For the first time, the Court of Justice has shown its teeth in the Polish crisis, and it has done so pointing very subtly to the nuclear option. So far, the messages were nuanced, in public or even in private. The Court of Justice would not tolerate attacks on the rule of law and on national courts, or so was the narrative when judges of the Court were asked in academic conferences or in public speeches. These comments were usually a reaction to the news about domestic measures in some Member States, in which national courts or officials were targeted by populist governments in the name of “the people”. But now it is for the Court of Justice to witness how it is the victim itself of an attack on the rule of law. Constitutional Courts were being ignored in some Member States (Poland, Spain…), and then came the turn of the Court of Justice.

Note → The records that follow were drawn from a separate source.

lemma affine_imp_transport:
  assumes affine: "\<And>q. q \<in> D \<Longrightarrow> W q = A * \<phi> q + B" and "q \<in> D"
  shows "px (slope W) q = 0" and "pt W q = speed q * px W q"
proof -
  have px_W: "px W r = A * px \<phi> r" and pt_W: "pt W r = A * pt \<phi> r" if "r \<in> D" for r
  proof -
    have "px W r = px (\<lambda>r. A * \<phi> r + B) r" "pt W r = pt (\<lambda>r. A * \<phi> r + B) r"
      using px_cong[OF open_D that affine] pt_cong[OF open_D that affine] by auto
    then show "px W r = A * px \<phi> r" "pt W r = A * pt \<phi> r"
      using that by (cases r, auto intro!: px_eqI pt_eqI derivative_eq_intros has_px has_pt smooth_phase)+
  qed
  have "px (slope W) q = px (\<lambda>r. A) q"
    by (rule px_cong[OF open_D \<open>q \<in> D\<close>]) (simp add: slope_def px_W px_phase_nonzero)
  then show "px (slope W) q = 0"
    by (cases q) (auto intro!: px_eqI)
  show "pt W q = speed q * px W q"
    using \<open>q \<in> D\<close> by (simp add: px_W pt_W pt_phase)
qed

lemma transport_iff_affine:
  assumes "connected D" and W: "smooth2_on D W"
  shows "(\<forall>q\<in>D. px (slope W) q = 0 \<and> pt W q = speed q * px W q)
    \<longleftrightarrow> (\<exists>A B. \<forall>q\<in>D. W q = A * \<phi> q + B)"
proof
  assume "\<forall>q\<in>D. px (slope W) q = 0 \<and> pt W q = speed q * px W q"
  then have "\<And>q. q \<in> D \<Longrightarrow> px (slope W) q = 0" "\<And>q. q \<in> D \<Longrightarrow> pt W q = speed q * px W q"
    by auto
  then obtain A B where "\<And>q. q \<in> D \<Longrightarrow> W q = A * \<phi> q + B"
    using transport_imp_affine[OF assms] by blast
  then show "\<exists>A B. \<forall>q\<in>D. W q = A * \<phi> q + B" by blast
next
  assume "\<exists>A B. \<forall>q\<in>D. W q = A * \<phi> q + B"
  then obtain A B where "\<And>q. q \<in> D \<Longrightarrow> W q = A * \<phi> q + B" by blast
  then show "\<forall>q\<in>D. px (slope W) q = 0 \<and> pt W q = speed q * px W q"
    using affine_imp_transport[of W A B] by blast
qed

The reaction from Luxembourg has not taken long. By September of 2017 it was obvious that the Polish government was ignoring the ruling of the Court rendered in July. Two months later, in Grand Chamber, the Court of Justice has sent the strongest possible message, in an interim relief procedure and creating, in an innovative but (in my opinion) convincing way, pecuniary tools to make sure that the measure takes a painful bite from the Polish budget. At the same time, the Court has hinted at the tools that Article 2 TEU can provide, for the time being on a provisional basis. Who knows what other jurisdictional instruments could this provision grant if the State’s misconduct continues.
Article 2 TEU is now starting to take shape as a relevant normative utensil in the Court of Justice’s toolbox. The first time it has shown its teeth it has allowed the Court to reinvent provisional measures in the name of the rule of law. The next time it is used again, I wonder what surprise the Court is willing to share with us… in the name of the rule of law.
The courageous Court of Justice, the creative but fair and balanced jurisdiction that was so deeply missed in the humanitarian visa case, is back in business again. Hopefully it is here to stay.